>>>
(* Let $d\ge2$, let $a:\mathbb{Z}^d\curvearrowright X$ be a free Borel action, let $S=\{\pm e_1,\dots,\pm e_d\}$ be the standard generating set of $\mathbb{Z}^d$, and let $U''$ be a single $\mathbb{Z}^d$-orbit. Let $U,V\subseteq U''$ be such that the $G(a,S)$-path distance between $U$ and $V$ is greater than $4d+1$, and let $c$ be an edge coloring of $G(a,S)\upharpoonright(U\cup V)$ with colors $\{1,\dots,2d\}$ which follows protocol $x_0$ on $U$ and protocol $x_1$ on $V$, for some $x_0,x_1\in U''$. Then $c$ can be extended to an edge coloring of $G(a,S)\upharpoonright U''$ with colors $\{1,\dots,2d\}$ which still follows protocol $x_0$ on $U$ and protocol $x_1$ on $V$.
   Context: $e_i\in\mathbb{Z}^d$ has $1$ in coordinate $i$ and $0$ elsewhere. $G(a,S)$ is the Schreier graph: $x,y$ adjacent iff $y=\gamma\cdot x$ for some $\gamma\in S$; each edge has the unique form $(x,e_i\cdot x)$. An edge coloring gives distinct colors to edges sharing a vertex. Protocol: for $U\subseteq U'\subseteq U''$, an edge coloring $c$ of $G(a,S)\upharpoonright U'$ and $x_0\in U''$, $c$ follows protocol $x_0$ on $U$ if every edge $(x,e_i\cdot x)$ of $G(a,S)\upharpoonright U'$ meeting $U$ receives color $2i-1$ if $a_i$ is even and color $2i$ if $a_i$ is odd, where $(a_1,\dots,a_d)\in\mathbb{Z}^d$ is the unique element with $(a_1,\dots,a_d)\cdot x_0=x$. *)

theory Defs
  imports "HOL-Analysis.Analysis"
begin

definition Zd :: "nat \<Rightarrow> (nat \<Rightarrow> int) set" where
  "Zd d = {g. \<forall>i. g i \<noteq> 0 \<longrightarrow> i \<in> {1..d}}"

definition unitvec :: "nat \<Rightarrow> (nat \<Rightarrow> int)" where
  "unitvec i = (\<lambda>j. if j = i then 1 else 0)"

definition is_action :: "nat \<Rightarrow> 'x set \<Rightarrow> ((nat \<Rightarrow> int) \<Rightarrow> 'x \<Rightarrow> 'x) \<Rightarrow> bool" where
  "is_action d X a \<longleftrightarrow>
     (\<forall>g\<in>Zd d. \<forall>x\<in>X. a g x \<in> X) \<and>
     (\<forall>x\<in>X. a (\<lambda>_. 0) x = x) \<and>
     (\<forall>g\<in>Zd d. \<forall>h\<in>Zd d. \<forall>x\<in>X. a (\<lambda>j. g j + h j) x = a g (a h x))"

definition free_action :: "nat \<Rightarrow> 'x set \<Rightarrow> ((nat \<Rightarrow> int) \<Rightarrow> 'x \<Rightarrow> 'x) \<Rightarrow> bool" where
  "free_action d X a \<longleftrightarrow> is_action d X a \<and> (\<forall>g\<in>Zd d. \<forall>x\<in>X. a g x = x \<longrightarrow> g = (\<lambda>_. 0))"

definition orbit :: "nat \<Rightarrow> ((nat \<Rightarrow> int) \<Rightarrow> 'x \<Rightarrow> 'x) \<Rightarrow> 'x \<Rightarrow> 'x set" where
  "orbit d a x = {a g x | g. g \<in> Zd d}"

definition schreier_adj :: "nat \<Rightarrow> 'x set \<Rightarrow> ((nat \<Rightarrow> int) \<Rightarrow> 'x \<Rightarrow> 'x) \<Rightarrow> ('x \<times> 'x) set" where
  "schreier_adj d X a = {(x, y). x \<in> X \<and> y \<in> X \<and>
      (\<exists>i\<in>{1..d}. y = a (unitvec i) x \<or> y = a (\<lambda>j. - unitvec i j) x)}"

definition path_dist_gt :: "nat \<Rightarrow> 'x set \<Rightarrow> ((nat \<Rightarrow> int) \<Rightarrow> 'x \<Rightarrow> 'x) \<Rightarrow> 'x set \<Rightarrow> 'x set \<Rightarrow> nat \<Rightarrow> bool" where
  "path_dist_gt d X a U V r \<longleftrightarrow>
     (\<forall>u\<in>U. \<forall>v\<in>V. \<forall>n\<le>r. (u, v) \<notin> (schreier_adj d X a) ^^ n)"

text \<open>Edges of \<open>G(a,S)\<restriction>U'\<close>: the edge \<open>(x, e_i\<cdot>x)\<close> is represented by the pair \<open>(x,i)\<close>.\<close>
definition sedges :: "nat \<Rightarrow> ((nat \<Rightarrow> int) \<Rightarrow> 'x \<Rightarrow> 'x) \<Rightarrow> 'x set \<Rightarrow> ('x \<times> nat) set" where
  "sedges d a U' = {(x, i). i \<in> {1..d} \<and> x \<in> U' \<and> a (unitvec i) x \<in> U'}"

definition sends :: "((nat \<Rightarrow> int) \<Rightarrow> 'x \<Rightarrow> 'x) \<Rightarrow> 'x \<times> nat \<Rightarrow> 'x set" where
  "sends a e = {fst e, a (unitvec (snd e)) (fst e)}"

definition is_edge_coloring ::
  "nat \<Rightarrow> ((nat \<Rightarrow> int) \<Rightarrow> 'x \<Rightarrow> 'x) \<Rightarrow> 'x set \<Rightarrow> nat \<Rightarrow> ('x \<times> nat \<Rightarrow> nat) \<Rightarrow> bool" where
  "is_edge_coloring d a U' k c \<longleftrightarrow>
     (\<forall>e\<in>sedges d a U'. c e \<in> {1..k}) \<and>
     (\<forall>e\<in>sedges d a U'. \<forall>f\<in>sedges d a U'.
        e \<noteq> f \<and> sends a e \<inter> sends a f \<noteq> {} \<longrightarrow> c e \<noteq> c f)"

definition coords :: "nat \<Rightarrow> ((nat \<Rightarrow> int) \<Rightarrow> 'x \<Rightarrow> 'x) \<Rightarrow> 'x \<Rightarrow> 'x \<Rightarrow> (nat \<Rightarrow> int)" where
  "coords d a x0 x = (THE g. g \<in> Zd d \<and> a g x0 = x)"

definition follows_protocol ::
  "nat \<Rightarrow> ((nat \<Rightarrow> int) \<Rightarrow> 'x \<Rightarrow> 'x) \<Rightarrow> 'x set \<Rightarrow> ('x \<times> nat \<Rightarrow> nat) \<Rightarrow> 'x \<Rightarrow> 'x set \<Rightarrow> bool" where
  "follows_protocol d a U' c x0 U \<longleftrightarrow>
     (\<forall>(x, i)\<in>sedges d a U'. (x \<in> U \<or> a (unitvec i) x \<in> U) \<longrightarrow>
        c (x, i) = (if even (coords d a x0 x i) then 2 * i - 1 else 2 * i))"

end

theory Submission
  imports Defs
begin

text \<open>
  Since the action is free, \<open>g \<mapsto> g \<cdot> x0\<close> identifies the orbit with the grid \<open>\<int>\<^sup>d\<close>, and the
  two protocols become the colourings giving the edge \<open>(g, g + e\<^sub>m)\<close> the colour \<open>2m - 1\<close> or \<open>2m\<close>
  according to the parity of \<open>g\<^sub>m\<close>, resp. of \<open>g\<^sub>m - \<delta>\<^sub>m\<close>, where \<open>\<delta>\<close> are the coordinates of \<open>x1\<close>.
  Let \<open>D\<close> be the graph distance from \<open>U\<close> capped at \<open>4d + 2\<close>: it is \<open>0\<close> on \<open>U\<close>, \<open>4d + 2\<close> on \<open>V\<close>
  and \<open>1\<close>-Lipschitz. Direction \<open>k\<close> switches from the first protocol to the second around the
  level \<open>D = 4k - 2\<close>, so different directions switch in disjoint layers. If \<open>\<delta>\<^sub>k\<close> is even
  the protocols agree on \<open>k\<close>-edges; if it is odd, the switch makes two consecutive \<open>k\<close>-edges want
  the same colour. Such a flip edge takes a colour of a partner direction \<open>j\<close> instead, and the
  \<open>j\<close>-edges of the \<open>2 \<times> 2\<close> square at the flip take the two \<open>k\<close>-colours in exchange. These squares
  are kept apart by making the switching region constant on the blocks \<open>{2t, 2t + 1}\<close> of the
  \<open>j\<close>-coordinate and smoothing it along direction \<open>k\<close>, so that flip edges are isolated on their
  line.
\<close>

section \<open>Grid combinatorics\<close>

definition shift :: "nat \<Rightarrow> int \<Rightarrow> (nat \<Rightarrow> int) \<Rightarrow> nat \<Rightarrow> int" where
  "shift k t g = g(k := g k + t)"

lemma shift_same [simp]: "shift k t g k = g k + t"
  by (simp add: shift_def)

lemma shift_other [simp]: "j \<noteq> k \<Longrightarrow> shift k t g j = g j"
  by (simp add: shift_def)

lemma shift_shift [simp]: "shift k s (shift k t g) = shift k (t + s) g"
  by (simp add: shift_def add.assoc)

lemma shift_0 [simp]: "shift k 0 g = g"
  by (simp add: shift_def)

lemma shift_commute: "j \<noteq> k \<Longrightarrow> shift j s (shift k t g) = shift k t (shift j s g)"
  by (auto simp add: shift_def fun_eq_iff)

lemma shift_fun_upd: "j \<noteq> k \<Longrightarrow> shift k t (g(j := v)) = (shift k t g)(j := v)"
  by (auto simp add: shift_def fun_eq_iff)

text \<open>At a vertex \<open>g\<close> of the grid, the edge in direction \<open>m\<close> leaving \<open>g\<close> (\<open>s = True\<close>)
  starts at \<open>g\<close>, the one entering \<open>g\<close> (\<open>s = False\<close>) starts at \<open>g - e\<^sub>m\<close>.\<close>
definition edge_start :: "(nat \<Rightarrow> int) \<Rightarrow> nat \<Rightarrow> bool \<Rightarrow> nat \<Rightarrow> int" where
  "edge_start g m s = (if s then g else shift m (-1) g)"

lemma half_edges_of_shared_vertex:
  assumes "h \<in> {g, shift i 1 g}" and "h \<in> {g', shift i' 1 g'}" and "(g, i) \<noteq> (g', i')"
  shows "g = edge_start h i (h = g) \<and> g' = edge_start h i' (h = g') \<and> (i, h = g) \<noteq> (i', h = g')"
proof -
  have start: "x = edge_start h m (h = x)" if "h \<in> {x, shift m 1 x}" for x m
    using that by (auto simp: edge_start_def)
  show ?thesis
    using start[OF assms(1)] start[OF assms(2)] assms(3) by (metis prod.inject)
qed

definition protocol_color :: "(nat \<Rightarrow> int) \<Rightarrow> nat \<Rightarrow> (nat \<Rightarrow> int) \<Rightarrow> nat" where
  "protocol_color p m g = (if even (g m - p m) then 2 * m - 1 else 2 * m)"

lemma protocol_color_class: "protocol_color p m g \<in> {2 * m - 1, 2 * m}"
  by (simp add: protocol_color_def)

lemma inj_on_by_color_class:
  fixes col cls :: "'a \<Rightarrow> nat"
  assumes in_class: "\<And>p. p \<in> P \<Longrightarrow> 1 \<le> cls p \<and> col p \<in> {2 * cls p - 1, 2 * cls p}"
    and within: "\<And>p q. p \<in> P \<Longrightarrow> q \<in> P \<Longrightarrow> p \<noteq> q \<Longrightarrow> cls p = cls q \<Longrightarrow> col p \<noteq> col q"
  shows "inj_on col P"
proof (rule inj_onI, rule ccontr)
  fix p q assume p: "p \<in> P" and q: "q \<in> P" and eq: "col p = col q" and "p \<noteq> q"
  have "cls p = (col p + 1) div 2" "cls q = (col q + 1) div 2"
    using in_class[OF p] in_class[OF q] by auto
  then show False using within[OF p q \<open>p \<noteq> q\<close>] eq by simp
qed

lemma inj_on_colors_swapped_pair:
  fixes col :: "nat \<Rightarrow> bool \<Rightarrow> nat"
  assumes "1 \<le> k" and "1 \<le> j" and "k \<noteq> j"
    and others: "\<And>m s. m \<in> M \<Longrightarrow> m \<noteq> k \<Longrightarrow> m \<noteq> j \<Longrightarrow>
      1 \<le> m \<and> col m s \<in> {2 * m - 1, 2 * m} \<and> col m True \<noteq> col m False"
    and swapped_colors: "col k sk \<in> {2 * k - 1, 2 * k}" "col k (\<not> sk) \<in> {2 * j - 1, 2 * j}"
      "col j sj \<in> {2 * k - 1, 2 * k}" "col j (\<not> sj) \<in> {2 * j - 1, 2 * j}"
    and swapped_distinct: "col k sk \<noteq> col j sj" "col k (\<not> sk) \<noteq> col j (\<not> sj)"
  shows "inj_on (case_prod col) (M \<times> UNIV)"
proof (rule inj_on_by_color_class)
  define K where "K = {(k, sk), (j, sj)}"
  define J where "J = {(k, \<not> sk), (j, \<not> sj)}"
  define cls where "cls p = (if p \<in> K then k else if p \<in> J then j else fst p)" for p
  have cls_K: "cls p = k" if "p \<in> K" for p
    using that unfolding cls_def by simp
  have cls_J: "cls p = j" if "p \<in> J" for p
    using that \<open>k \<noteq> j\<close> unfolding cls_def K_def J_def by auto
  have swapped: "p \<in> K \<union> J" if "fst p \<in> {k, j}" for p
    using that unfolding K_def J_def by (cases p) auto
  have cls_other: "cls p = fst p" if "fst p \<notin> {k, j}" for p
    using that unfolding cls_def K_def J_def by auto
  show "1 \<le> cls p \<and> case_prod col p \<in> {2 * cls p - 1, 2 * cls p}" if "p \<in> M \<times> UNIV" for p
  proof (cases "fst p \<in> {k, j}")
    case True
    then consider "p \<in> K" | "p \<in> J" using swapped by blast
    then show ?thesis
      using cls_K cls_J swapped_colors \<open>1 \<le> k\<close> \<open>1 \<le> j\<close> unfolding K_def J_def by cases auto
  next
    case False
    then show ?thesis using that others[of "fst p" "snd p"] cls_other[of p] by (cases p) auto
  qed
  show "case_prod col p \<noteq> case_prod col q"
    if "p \<in> M \<times> UNIV" "q \<in> M \<times> UNIV" "p \<noteq> q" "cls p = cls q" for p q
  proof (cases "fst p \<in> {k, j} \<and> fst q \<in> {k, j}")
    case True
    then have "p \<in> K \<and> q \<in> K \<or> p \<in> J \<and> q \<in> J"
      using swapped cls_K cls_J \<open>cls p = cls q\<close> \<open>k \<noteq> j\<close> by (metis UnE)
    then show ?thesis
      using swapped_distinct \<open>p \<noteq> q\<close> unfolding K_def J_def by auto
  next
    case False
    have in_kj: "cls x \<in> {k, j}" if "fst x \<in> {k, j}" for x
      using swapped[OF that] cls_K cls_J by blast
    have "fst p \<notin> {k, j} \<and> fst q \<notin> {k, j}"
      using False in_kj[of p] in_kj[of q] cls_other[of p] cls_other[of q] \<open>cls p = cls q\<close>
      by auto
    then have "fst p = fst q \<and> fst p \<notin> {k, j}"
      using cls_other[of p] cls_other[of q] \<open>cls p = cls q\<close> by auto
    then show ?thesis using that others[of "fst p"] by (cases p; cases q; cases "snd p") auto
  qed
qed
<<<
▶ TASK GOAL
Check each line above for "True" and return the ones that have it.

▶ YOUR SOLUTION
text \<open>At a vertex \<open>g\<close> of the grid, the edge in direction \<open>m\<close> leaving \<open>g\<close> (\<open>s = True\<close>)
      1 \<le> m \<and> col m s \<in> {2 * m - 1, 2 * m} \<and> col m True \<noteq> col m False"
    case True
    case True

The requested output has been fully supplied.